One partial escape is to have the government undertake the socially beneficent functions. Government agencies collect and publish data on prices, costs, inventories, and sales; determine and prescribe quality specifications; prohibit fraud and unfair methods of competition; and provide technical and managerial assistance to small business. But government regulations too (e.g., product standards or rules of fair competition) may discourage competition and innovation. Moreover, it is inconceivable that in a pluralistic society government services could entirely supplant voluntary business collaboration. There is no escape, therefore, from the necessity of developing economic criteria and legal procedures for predicting, assessing, and sifting out the complex consequences of these various activities.
There are wide differences in the public policies adopted to this end; and there is in fact no wholly satisfactory solution, for several reasons.
(1) As we have already seen, the economic consequences of these activities will vary, depending in each instance not only on the nature of the collaboration but also on all relevant circumstances of the market in which it takes place; and these circumstances themselves constantly change over time. It is therefore extremely difficult to formulate general rules applicable to each individual instance.
(2) In economic terms, the ideal policy might be one that involves a comprehensive scrutiny of each individual situation, after the fact, to determine whether the collaboration was in practice doing more good than harm, on balance, and to institute whatever modifications seem to be required. But the law necessarily places heavy reliance on rules that are clear and readily enforceable: a case-by-case approach, ex post facto, would offer businessmen less guidance in advance about unacceptable courses of conduct; and regulatory processes would inevitably lag behind the dynamic forces they were seeking to control. The opposite extreme is the promulgation of per se prohibitions pertaining to specified interfirm collaborations; these fall afoul of the first objection but could be defended, on balance, as doing more good than harm. A familiar, intermediate course is to condemn only those arrangements whose impairment of competition as an effective force in the market place is direct and substantial. Such a rule requires an examination in some situations only of the nature of the collaboration and restraint; in others it requires a more comprehensive appraisal of its impact. Yet neither this nor any other solution can be economically perfect; in some situations direct and substantial concerted limitations on competition may prevent truly destructive rivalry.

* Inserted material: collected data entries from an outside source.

lemma derivable_complete:
  assumes odd_g: "\<And>u. g (Suc (u + u)) = (if u \<in> X then 1 else 0)"
  shows "Defs.comp (hier_oracle X l) e x y \<Longrightarrow> derivable g (judg 0 l e x y)"
proof (induction l arbitrary: e x y rule: less_induct)
  case (less l)
  from less.prems show ?case
  proof (induction rule: comp.induct)
    case (c_zero e x)
    then obtain q where e: "e = 0 + 9 * q" by (rule obtain_quotient_9)
    show ?case by (rule derivable_axiom[where q = q]) (simp add: rule_instance_defs e)
  next
    case (c_succ e x)
    then obtain q where e: "e = 1 + 9 * q" by (rule obtain_quotient_9)
    show ?case by (rule derivable_axiom[where q = q]) (simp add: rule_instance_defs e)
  next
    case (c_fst e x)
    then obtain q where e: "e = 2 + 9 * q" by (rule obtain_quotient_9)
    show ?case by (rule derivable_axiom[where q = q]) (simp add: rule_instance_defs e)
  next
    case (c_snd e x)
    then obtain q where e: "e = 3 + 9 * q" by (rule obtain_quotient_9)
    show ?case by (rule derivable_axiom[where q = q]) (simp add: rule_instance_defs e)
  next
    case (c_orc e x y)
    then show ?case using derivable_query[OF odd_g] less.IH by blast
  next
    case (c_comp e a b x z y)
    obtain q where e: "e = 5 + 9 * q" by (rule obtain_quotient_9[OF c_comp.hyps(1)])
    from c_comp.IH show ?case
      by (rule derivable_by_rule[where q = q and h = z])
        (use c_comp.hyps(2) e in \<open>simp add: rule_instance_defs\<close>)
  next
    case (c_pair e a b x y1 y2)
    obtain q where e: "e = 6 + 9 * q" by (rule obtain_quotient_9[OF c_pair.hyps(1)])
    from c_pair.IH show ?case
      by (rule derivable_by_rule[where q = q and h = 0])
        (use c_pair.hyps(2) e in \<open>simp add: rule_instance_defs\<close>)
  next
    case (c_prim0 e a b x w y)
    obtain q where e: "e = 7 + 9 * q" by (rule obtain_quotient_9[OF c_prim0.hyps(1)])
    from c_prim0.IH c_prim0.IH show ?case
      by (rule derivable_by_rule[where q = q and h = 0])
        (use c_prim0.hyps(2,3) e in \<open>simp add: rule_instance_defs\<close>)
  next
    case (c_primS e a b x k w z y)
    obtain q where e: "e = 7 + 9 * q" by (rule obtain_quotient_9[OF c_primS.hyps(1)])
    from c_primS.IH show ?case
      by (rule derivable_by_rule[where q = q and h = z])
        (use c_primS.hyps(2,3) e in \<open>simp add: rule_instance_defs\<close>)
  next
    case (c_mu e k x)
    obtain q where e: "e = 8 + 9 * q" by (rule obtain_quotient_9[OF c_mu.hyps(1)])
    have "derivable g (judg 1 l (e div 9) x k)"
      using c_mu.IH(2) by (intro derivable_search_prefix) blast
    with c_mu.IH(1) show ?case
      by (rule derivable_by_rule[where q = q and h = 0]) (simp add: rule_instance_defs e)
  qed
qed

(3) Finally, there is the difficulty that public economic policy is necessarily shaped by largely noneconomic considerations, and appropriately so. These include the attitude that society has toward the presence and exercise of private economic power and the respective weights it wishes to give to the goals of efficiency, equity, security, and progressiveness, all of which are affected by antimonopoly policy. There is no perfect resolution of these many, often conflicting, considerations.